A Business Man's Adventures in the Last Great Market

Introduction

Narrator: Imagine securing a massive, $180 million investment deal to build power plants in a rapidly growing Chinese province. All the necessary approvals from the regulatory commission are in place. Then, at a conference in Beijing, your partner gives a presentation outlining the deal's expected returns. In the audience sits the daughter of China’s Premier, Li Peng, a conservative leader wary of foreign influence. Shortly after, the deal is unceremoniously cancelled. It takes just one well-placed official to undo months of work. This is the high-stakes, politically charged world of dealmaking in modern China, a landscape where formal rules are often secondary to hidden influence and personal relationships.

In his book, Dealing with China: A Business Man's Adventures in the Last Great Market, former Goldman Sachs CEO and U.S. Treasury Secretary Henry M. Paulson Jr. provides an insider's account of navigating this complex environment.
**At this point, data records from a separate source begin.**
(* Let $A,B\in\mathbb{C}^{m\times n}$ and let $Q_A=A^\dagger A$. The following are equivalent: (a) $A\le^{\diamond}B$; (b) $\operatorname{rk}(B^\dagger-A^\dagger)=\operatorname{rk}((I_n-Q_A)B^\dagger)$ and $\mathcal{R}(A^* )\subseteq\mathcal{R}(B^* )$; (c) there exists an idempotent matrix $Q\in\mathbb{C}^{n\times n}$ with $A^\dagger=QB^\dagger$, and $\mathcal{R}(A^* )\subseteq\mathcal{R}(B^* )$.
   Context: For a matrix $M$, $M^*$ is its conjugate transpose, $M^\dagger$ its Moore–Penrose inverse, $\mathcal{R}(M)$ its column space, $\operatorname{rk}(M)$ its rank. Diamond partial order: for $A,B\in\mathbb{C}^{m\times n}$, $A\le^{\diamond}B$ means $\mathcal{R}(A)\subseteq\mathcal{R}(B)$, $\mathcal{R}(A^* )\subseteq\mathcal{R}(B^* )$, and $AB^*A=AA^*A$. *)

theory Defs
  imports "HOL-Analysis.Analysis"
begin

text \<open>Complex m x n matrices are rendered as complex^'n^'m (dimensions are type parameters).\<close>

definition cadj :: "complex^'n^'m \<Rightarrow> complex^'m^'n" where
  "cadj A = (\<chi> i j. cnj (A $ j $ i))"

definition colspace :: "complex^'n^'m \<Rightarrow> (complex^'m) set" where
  "colspace M = range (\<lambda>x. M *v x)"

definition mp_inv :: "complex^'n^'m \<Rightarrow> complex^'m^'n" where
  "mp_inv A = (THE X. A ** X ** A = A \<and> X ** A ** X = X \<and>
                      cadj (A ** X) = A ** X \<and> cadj (X ** A) = X ** A)"

definition diamond_le :: "complex^'n^'m \<Rightarrow> complex^'n^'m \<Rightarrow> bool" where
  "diamond_le A B \<longleftrightarrow> colspace A \<subseteq> colspace B \<and> colspace (cadj A) \<subseteq> colspace (cadj B)
     \<and> A ** cadj B ** A = A ** cadj A ** A"

end

theory Submission
  imports Defs
begin

text \<open>Write X = A\<dagger> and Y = B\<dagger>. Range inclusions become absorption identities:
  R(A) \<subseteq> R(B) iff BYA = A iff XBY = X, and R(A^*) \<subseteq> R(B^*) iff YBA^* = A^*, which gives YBX = X.
  Conjugating by the Hermitian projections AX and XA turns AB^*A = AA^*A into XBX = X, so A \<le>\<diamond> B
  means XBX = X, XBY = X and R(A^*) \<subseteq> R(B^*).
  Given YBX = X, these two equations say exactly that X = QY for an idempotent Q, namely Q = XB.
  For the rank condition, (I - XA)X = 0 gives (I - XA)Y = (I - XA)(Y - X), and the two equations give
  Y - X = (I - XB)(I - XA)Y, so both ranks agree. Conversely, equal ranks make I - XA injective on
  R(Y - X); since (Y - X)BX = X(I - BX) and (Y - X)(BY - I) = X(I - BY) lie in R(X), which I - XA
  annihilates, both vanish.\<close>

lemma range_matrix_mul_subset: "range ((*v) (P ** Q)) \<subseteq> range ((*v) P)"
  by (auto simp: matrix_vector_mul_assoc[symmetric])

lemma matrix_factor_through_range:
  fixes P :: "'a::field^'n^'m" and R :: "'a^'k^'m"
  assumes "range ((*v) P) \<subseteq> range ((*v) R)"
  shows "\<exists>Z. P = R ** Z"
proof -
  have "\<forall>j. \<exists>z. P *v axis j 1 = R *v z"
    using assms by blast
  then obtain z where z: "\<And>j. P *v axis j 1 = R *v z j"
    by metis
  have "P = R ** (\<chi> i j. z j $ i)"
  proof -
    have "P $ i $ j = (R ** (\<chi> i j. z j $ i)) $ i $ j" for i j
    proof -
      have "P $ i $ j = (P *v axis j 1) $ i"
        by (simp add: matrix_vector_mult_def axis_def if_distrib if_distribR cong: if_cong)
      then show ?thesis
        unfolding z by (simp add: matrix_vector_mult_def matrix_matrix_mult_def)
    qed
    then show ?thesis by (simp add: vec_eq_iff)
  qed
  then show ?thesis ..
qed

lemma range_matrix_mul_eq_if_dim_eq:
  fixes P :: "'a::field^'n^'m" and Q :: "'a^'k^'n"
  assumes "vec.dim (range ((*v) (P ** Q))) = vec.dim (range ((*v) P))"
  shows "range ((*v) (P ** Q)) = range ((*v) P)"
  using assms
  by (intro vec.subspace_dim_equal range_matrix_mul_subset) (auto simp: vec.subspace_image)

lemma dim_range_matrix_mul_eq_if_inj:
  fixes P :: "'a::field^'n^'m" and Q :: "'a^'k^'n"
  assumes "\<And>x. P *v (Q *v x) = 0 \<Longrightarrow> Q *v x = 0"
  shows "vec.dim (range ((*v) (P ** Q))) = vec.dim (range ((*v) Q))"
proof -
  have span: "vec.span (range ((*v) Q)) = range ((*v) Q)"
    by (simp add: vec.span_eq_iff vec.subspace_image)
  have inj: "inj_on ((*v) P) (range ((*v) Q))"
  proof (rule inj_onI, clarify)
    fix x y assume "P *v (Q *v x) = P *v (Q *v y)"
    then have "P *v (Q *v (x - y)) = 0"
      by (simp add: matrix_vector_mult_diff_distrib)
    then have "Q *v (x - y) = 0"
      by (rule assms)
    then show "Q *v x = Q *v y" by (simp add: matrix_vector_mult_diff_distrib)
  qed
  have "vec.dim ((*v) P ` range ((*v) Q)) = vec.dim (range ((*v) Q))"
    by (rule vec.dim_image_eq[OF vec.linear_axioms]) (simp only: span inj)
  moreover have "range ((*v) (P ** Q)) = (*v) P ` range ((*v) Q)"
    by (auto simp: matrix_vector_mul_assoc[symmetric] image_iff)
  ultimately show ?thesis by simp
qed

lemma span_columns_eq_range: "vec.span (columns (M::'a::field^'n^'m)) = range ((*v) M)"
proof
  show "vec.span (columns M) \<subseteq> range ((*v) M)"
  proof (rule vec.span_minimal)
    show "columns M \<subseteq> range ((*v) M)"
      by (auto simp: columns_def column_def matrix_vector_mult_def vec_eq_iff axis_def
          if_distrib if_distribR cong: if_cong intro!: image_eqI[where x="axis _ 1"])
  qed (simp add: vec.subspace_image)
  show "range ((*v) M) \<subseteq> vec.span (columns M)"
    using matrix_vector_mult_in_columnspace_gen by blast
qed

(* rank is the row rank, and the library identifies it with the column rank only over the reals,
   so ranks are computed through the transpose. *)

lemma rank_eq_dim_range_transpose: "rank (M::'a::field^'n^'m) = vec.dim (range ((*v) (transpose M)))"
  unfolding row_rank_def_gen by (metis columns_transpose span_columns_eq_range vec.dim_span)

lemma rank_mul_le_right_gen: "rank ((M::'a::field^'n^'m) ** N) \<le> rank N"
  unfolding rank_eq_dim_range_transpose matrix_transpose_mul
  by (rule vec.dim_subset[OF range_matrix_mul_subset])

lemma rank_mul_eq_right_imp_factor:
  fixes M :: "'a::field^'n^'n" and N :: "'a^'k^'n"
  assumes "rank (M ** N) = rank N"
  shows "\<exists>Z. N = Z ** (M ** N)"
proof -
  have "range ((*v) (transpose N ** transpose M)) = range ((*v) (transpose N))"
    using assms unfolding rank_eq_dim_range_transpose matrix_transpose_mul
    by (rule range_matrix_mul_eq_if_dim_eq)
  then obtain Z where "transpose N = transpose N ** transpose M ** Z"
    using matrix_factor_through_range[of "transpose N" "transpose N ** transpose M"]
    by (metis equalityD2)
  then have "N = transpose Z ** (M ** N)"
    by (metis matrix_transpose_mul transpose_transpose)
  then show ?thesis ..
qed

lemma matrix_diff_ldistrib: "(M::'a::ring_1^'n^'m) ** (N - K) = M ** N - M ** K"
  by (simp add: matrix_matrix_mult_def vec_eq_iff sum_subtractf algebra_simps)

lemma matrix_diff_rdistrib: "((M::'a::ring_1^'n^'m) - N) ** K = M ** K - N ** K"
  by (simp add: matrix_matrix_mult_def vec_eq_iff sum_subtractf algebra_simps)

lemma cadj_mult: "cadj (M ** N) = cadj N ** cadj M"
  by (simp add: cadj_def matrix_matrix_mult_def vec_eq_iff mult.commute)

lemma cadj_cadj [simp]: "cadj (cadj M) = M"
  by (simp add: cadj_def vec_eq_iff)

lemma sum_cnj_mult_self_eq_0_imp:
  fixes u :: "complex^'n"
  assumes "(\<Sum>i\<in>UNIV. cnj (u $ i) * u $ i) = 0"
  shows "u = 0"
proof -
  have "(\<Sum>i\<in>UNIV. cnj (u $ i) * u $ i) = of_real (\<Sum>i\<in>UNIV. (cmod (u $ i))\<^sup>2)"
    unfolding of_real_sum complex_norm_square by (simp add: mult.commute)
  with assms have "(\<Sum>i\<in>UNIV. (cmod (u $ i))\<^sup>2) = 0"
    by (simp only: of_real_eq_0_iff)
  then show ?thesis
    by (simp add: sum_nonneg_eq_0_iff vec_eq_iff)
qed

lemma sum_cnj_mult_cadj:
  "(\<Sum>i\<in>UNIV. cnj (v $ i) * (cadj M *v u) $ i) = (\<Sum>j\<in>UNIV. cnj ((M *v v) $ j) * u $ j)"
proof -
  have "(\<Sum>i\<in>UNIV. cnj (v $ i) * (cadj M *v u) $ i)
      = (\<Sum>i\<in>UNIV. \<Sum>j\<in>UNIV. cnj (v $ i) * cnj (M $ j $ i) * u $ j)"
    by (simp add: cadj_def matrix_vector_mult_def sum_distrib_left mult.assoc)
  also have "\<dots> = (\<Sum>j\<in>UNIV. \<Sum>i\<in>UNIV. cnj (v $ i) * cnj (M $ j $ i) * u $ j)"
    by (rule sum.swap)
  also have "\<dots> = (\<Sum>j\<in>UNIV. cnj ((M *v v) $ j) * u $ j)"
    by (simp add: matrix_vector_mult_def sum_distrib_left sum_distrib_right mult_ac)
  finally show ?thesis .
qed

lemma cadj_mult_self_vec_eq_0_imp: "cadj M *v (M *v v) = 0 \<Longrightarrow> M *v v = 0"
  using sum_cnj_mult_cadj[of v M "M *v v"] by (auto intro: sum_cnj_mult_self_eq_0_imp)

lemma range_cadj_mult_self: "range ((*v) (cadj A ** A)) = range ((*v) (cadj A))"
proof (rule range_matrix_mul_eq_if_dim_eq)
  let ?dim = "\<lambda>M. vec.dim (range ((*v) M))"
  have "?dim (cadj A ** A) = ?dim A"
    by (rule dim_range_matrix_mul_eq_if_inj) (rule cadj_mult_self_vec_eq_0_imp)
  moreover have "?dim (A ** cadj A) = ?dim (cadj A)"
    by (rule dim_range_matrix_mul_eq_if_inj) (metis cadj_cadj cadj_mult_self_vec_eq_0_imp)
  moreover have "?dim (M ** N) \<le> ?dim M" for M :: "complex^'k^'l" and N :: "complex^'j^'k"
    by (rule vec.dim_subset[OF range_matrix_mul_subset])
  ultimately show "?dim (cadj A ** A) = ?dim (cadj A)"
    by (metis le_antisym)
qed

lemma cadj_eq_if_cadj_mult_self_eq: "cadj G ** G = cadj G \<Longrightarrow> cadj G = G"
  by (metis cadj_cadj cadj_mult)

definition is_penrose_inverse :: "complex^'n^'m \<Rightarrow> complex^'m^'n \<Rightarrow> bool" where
  "is_penrose_inverse A X \<longleftrightarrow> A ** X ** A = A \<and> X ** A ** X = X \<and>
     cadj (A ** X) = A ** X \<and> cadj (X ** A) = X ** A"

(* Here A W and A^* V are the Hermitian projections onto the ranges of A and A^*,
   and A^* V W is the inverse. *)
lemma penrose_inverse_exists: "\<exists>X. is_penrose_inverse A X"
proof -
  obtain W where W: "cadj A ** A ** W = cadj A"
    using matrix_factor_through_range[OF equalityD2[OF range_cadj_mult_self]] by metis
  obtain V where V: "A ** cadj A ** V = A"
    using matrix_factor_through_range[OF equalityD2[OF range_cadj_mult_self[of "cadj A"]]]
    by (metis cadj_cadj)
  have AW: "cadj (A ** W) = A ** W"
    by (rule cadj_eq_if_cadj_mult_self_eq)
      (simp add: cadj_mult W[folded matrix_mul_assoc] flip: matrix_mul_assoc)
  have AWA: "A ** W ** A = A"
    by (metis AW W cadj_cadj cadj_mult matrix_mul_assoc)
  define H where "H = cadj A ** V"
  have HH: "cadj H ** H = cadj H"
    by (simp add: H_def cadj_mult V[folded matrix_mul_assoc] flip: matrix_mul_assoc)
  then have H: "cadj H = H"
    by (rule cadj_eq_if_cadj_mult_self_eq)
  have AH: "A ** H = A"
    by (simp add: H_def V matrix_mul_assoc)
  have HWA: "H ** W ** A = H"
    by (metis AWA H H_def cadj_cadj cadj_mult matrix_mul_assoc)
  have "is_penrose_inverse A (H ** W)"
    unfolding is_penrose_inverse_def
    by (simp add: matrix_mul_assoc AH AWA HWA AW H HH[unfolded H] flip: H_def)
  then show ?thesis ..
qed

lemma penrose_inverse_unique:
  assumes X: "is_penrose_inverse A X" and Z: "is_penrose_inverse A Z"
  shows "X = Z"
proof -
  have X1: "A ** X ** A = A" and X2: "X ** A ** X = X"
    and X3: "cadj (A ** X) = A ** X" and X4: "cadj (X ** A) = X ** A"
    using X unfolding is_penrose_inverse_def by auto
  have Z1: "A ** Z ** A = A" and Z2: "Z ** A ** Z = Z"
    and Z3: "cadj (A ** Z) = A ** Z" and Z4: "cadj (Z ** A) = Z ** A"
    using Z unfolding is_penrose_inverse_def by auto
  have "X = X ** cadj (A ** X)" using X2 X3 by (simp add: matrix_mul_assoc)
  also have "\<dots> = X ** cadj X ** cadj (A ** Z ** A)" by (simp add: Z1 cadj_mult matrix_mul_assoc)
  also have "\<dots> = X ** cadj (A ** X) ** cadj (A ** Z)" by (simp add: cadj_mult matrix_mul_assoc)
  also have "\<dots> = X ** A ** X ** A ** Z" by (simp add: X3 Z3 matrix_mul_assoc)
  also have "\<dots> = X ** A ** Z" using X2 by simp
  finally have XAZ: "X = X ** A ** Z" .
  have "Z = cadj (Z ** A) ** Z" using Z2 Z4 by simp
  also have "\<dots> = cadj (A ** X ** A) ** cadj Z ** Z" by (simp add: X1 cadj_mult matrix_mul_assoc)
  also have "\<dots> = cadj (X ** A) ** cadj (Z ** A) ** Z" by (simp add: cadj_mult matrix_mul_assoc)
  also have "\<dots> = X ** A ** (Z ** A ** Z)" by (simp add: X4 Z4 matrix_mul_assoc)
  also have "\<dots> = X ** A ** Z" using Z2 by simp
  finally show ?thesis using XAZ by simp
qed

lemma is_penrose_inverse_mp_inv: "is_penrose_inverse A (mp_inv A)"
proof -
  have "\<exists>!X. is_penrose_inverse A X"
    using penrose_inverse_exists penrose_inverse_unique by blast
  then show ?thesis
    unfolding mp_inv_def is_penrose_inverse_def[abs_def] by (rule theI')
qed

lemma colspace_subset_iff_projection:
  fixes M :: "complex^'k^'m" and N :: "complex^'n^'m"
  assumes "P ** M = M" and "P = M ** K"
  shows "colspace N \<subseteq> colspace M \<longleftrightarrow> P ** N = N"
proof
  assume "colspace N \<subseteq> colspace M"
  then obtain Z where "N = M ** Z"
    unfolding colspace_def using matrix_factor_through_range by blast
  then show "P ** N = N"
    by (simp add: assms(1) matrix_mul_assoc)
next
  assume "P ** N = N"
  then have "N = M ** (K ** N)"
    by (simp add: assms(2) matrix_mul_assoc)
  then show "colspace N \<subseteq> colspace M"
    unfolding colspace_def by (metis range_matrix_mul_subset)
qed

context
  fixes A B :: "complex^'n^'m" and X Y :: "complex^'m^'n"
  assumes X: "is_penrose_inverse A X" and Y: "is_penrose_inverse B Y"
begin

lemma penrose_A: "A ** X ** A = A" "X ** A ** X = X" "cadj (A ** X) = A ** X" "cadj (X ** A) = X ** A"
  using X unfolding is_penrose_inverse_def by auto

lemma penrose_B: "B ** Y ** B = B" "Y ** B ** Y = Y" "cadj (B ** Y) = B ** Y" "cadj (Y ** B) = Y ** B"
  using Y unfolding is_penrose_inverse_def by auto

lemma penrose_A_tail: "M ** A ** X ** A = M ** A" "N ** X ** A ** X = N ** X"
  by (metis matrix_mul_assoc penrose_A(1,2))+

lemma cadj_A_absorbs_projections: "cadj A ** A ** X = cadj A" "X ** A ** cadj A = cadj A"
  by (metis cadj_mult matrix_mul_assoc penrose_A)+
He reveals how China’s economic miracle was engineered, not just through policy, but through a series of audacious, high-stakes deals that transformed the nation and the global economy.

The First Rule of Business in China is Building Trust

Key Insight 1

Narrator: In the early 1990s, Goldman Sachs was trying to gain a foothold in Asia. Paulson learned quickly that in China, a deal is not just a transaction; it is an extension of a relationship. This lesson was powerfully illustrated through his interactions with Li Ka-shing, the most influential businessman in Hong Kong. During a meeting, Li directly asked Goldman Sachs to spend $2 million on advertising for his son's new satellite TV venture, Star TV. For a firm that prided itself on advisory work, not ad buys, this was an unusual and uncomfortable request.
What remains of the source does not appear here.